207 F. Supp. 143, 1962 U.S. Dist. LEXIS 3666
CourtDistrict Court, D. Maryland
DecidedJuly 3, 1962
DocketCiv. A. Nos. 9063, 9064, 9313
StatusPublished
Cited by13 cases

This text of 207 F. Supp. 143 (Jennings v. United States) is published on Counsel Stack Legal Research, covering District Court, D. Maryland primary law. Counsel Stack provides free access to over 12 million legal documents including statutes, case law, regulations, and constitutions.

Bluebook
Jennings v. United States, 207 F. Supp. 143, 1962 U.S. Dist. LEXIS 3666 (D. Md. 1962).

Opinion

R. DORSEY WATKINS, District Judge.

The three above named consolidated cases, brought under the Federal Tort Claims Act, were tried by this court, which filed an opinion finding for the plaintiffs, and embodying its findings of fact and conclusions of law pursuant to Rule 52(a), F.R.Civ.P., 28 U.S.C.A. (Jennings v. United States, D.Md.1959, 178 F.Supp. 516). Thereafter appeals were filed by plaintiffs and cross-appeals were filed by the Government in the United States Court of Appeals for the Fourth Circuit. That court held that under the Maryland law, proof of the presence of a patch of ice on the Suitland Parkway on the morning that the accident in question occurred and proof of the fact that Jennings’ car skidded upon the patch of ice was not sufficient evidence to support the judgments rendered by this court in favor of the plaintiffs. (Jennings v. United States, 4 Cir. 1961, 291 F. 2d 880).

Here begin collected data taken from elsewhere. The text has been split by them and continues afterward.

definition ray_stabilizable :: "nat \<Rightarrow> fm \<Rightarrow> bool" where
  "ray_stabilizable k p \<longleftrightarrow> (\<forall>e :: nat \<Rightarrow> int list. (\<forall>i. length (e i) = k) \<longrightarrow>
     (\<exists>r v. strict_mono r \<and> ray_constant p (e \<circ> r) v))"

lemma ray_constant_subseq: "ray_constant p e v \<Longrightarrow> strict_mono r \<Longrightarrow> ray_constant p (e \<circ> r) v"
  by (simp add: ray_constant_def strict_mono_def)

lemma ray_stabilizable_const:
  assumes "\<And>bs. Ifm [] bs p = c"
  shows "ray_stabilizable k p"
  unfolding ray_stabilizable_def ray_constant_def
  by (intro allI impI exI[of _ id] exI[of _ c]) (simp add: assms strict_mono_id)

lemma ray_stabilizable_binop:
  assumes "ray_stabilizable k p" "ray_stabilizable k q"
    and "\<And>bs. Ifm [] bs R = h (Ifm [] bs p) (Ifm [] bs q)"
  shows "ray_stabilizable k R"
  unfolding ray_stabilizable_def
proof (intro allI impI)
  fix e :: "nat \<Rightarrow> int list" assume len: "\<forall>i. length (e i) = k"
  obtain r1 v1 where r1: "strict_mono r1" "ray_constant p (e \<circ> r1) v1"
    using assms(1) len unfolding ray_stabilizable_def by blast
  have "\<forall>i. length ((e \<circ> r1) i) = k" using len by simp
  then obtain r2 v2 where r2: "strict_mono r2" "ray_constant q (e \<circ> r1 \<circ> r2) v2"
    using assms(2) unfolding ray_stabilizable_def by blast
  have "ray_constant p (e \<circ> r1 \<circ> r2) v1" using ray_constant_subseq r1(2) r2(1) .
  hence "ray_constant R (e \<circ> (r1 \<circ> r2)) (h v1 v2)"
    using r2(2) assms(3) by (simp add: ray_constant_def comp_assoc)
  moreover have "strict_mono (r1 \<circ> r2)" using r1(1) r2(1) by (simp add: strict_mono_def)
  ultimately show "\<exists>r v. strict_mono r \<and> ray_constant R (e \<circ> r) v" by blast
qed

The Fourth Circuit went on to state, however, that there was other evidence which might support recovery upon a different theory, i. e. “[i]n Maryland it has been held that there is no liability for injuries caused by a design defect in a highway, but if a defect, whether of design or not, creates a condition which would itself constitute a nuisance, reasonable care to abate it is not exercised and the condition is the effective cause of the injury, no reason presently appears why the agency charged with maintenance of the highway should not be responsible as for any other nuisance it unreasonably permitted to exist.” (291 F.2d at 887). Chief Judge Sobeloff in a concurring opinion concluded “[i]f the water collected at this spot because of poor drainage, or defective construction, or improper maintenance, or some other circumstance under the defendant’s control, and if the ice thus formed was allowed, after actual or constructive notice, to remain without the defendant taking steps to abate the condition, there could be a basis for liability” (291 F.2d at 892). For these reasons the judgments in favor of the plaintiffs were vacated and the three consolidated cases remanded for proceedings not inconsistent with the opinion of the Court of Appeals for the Fourth Circuit.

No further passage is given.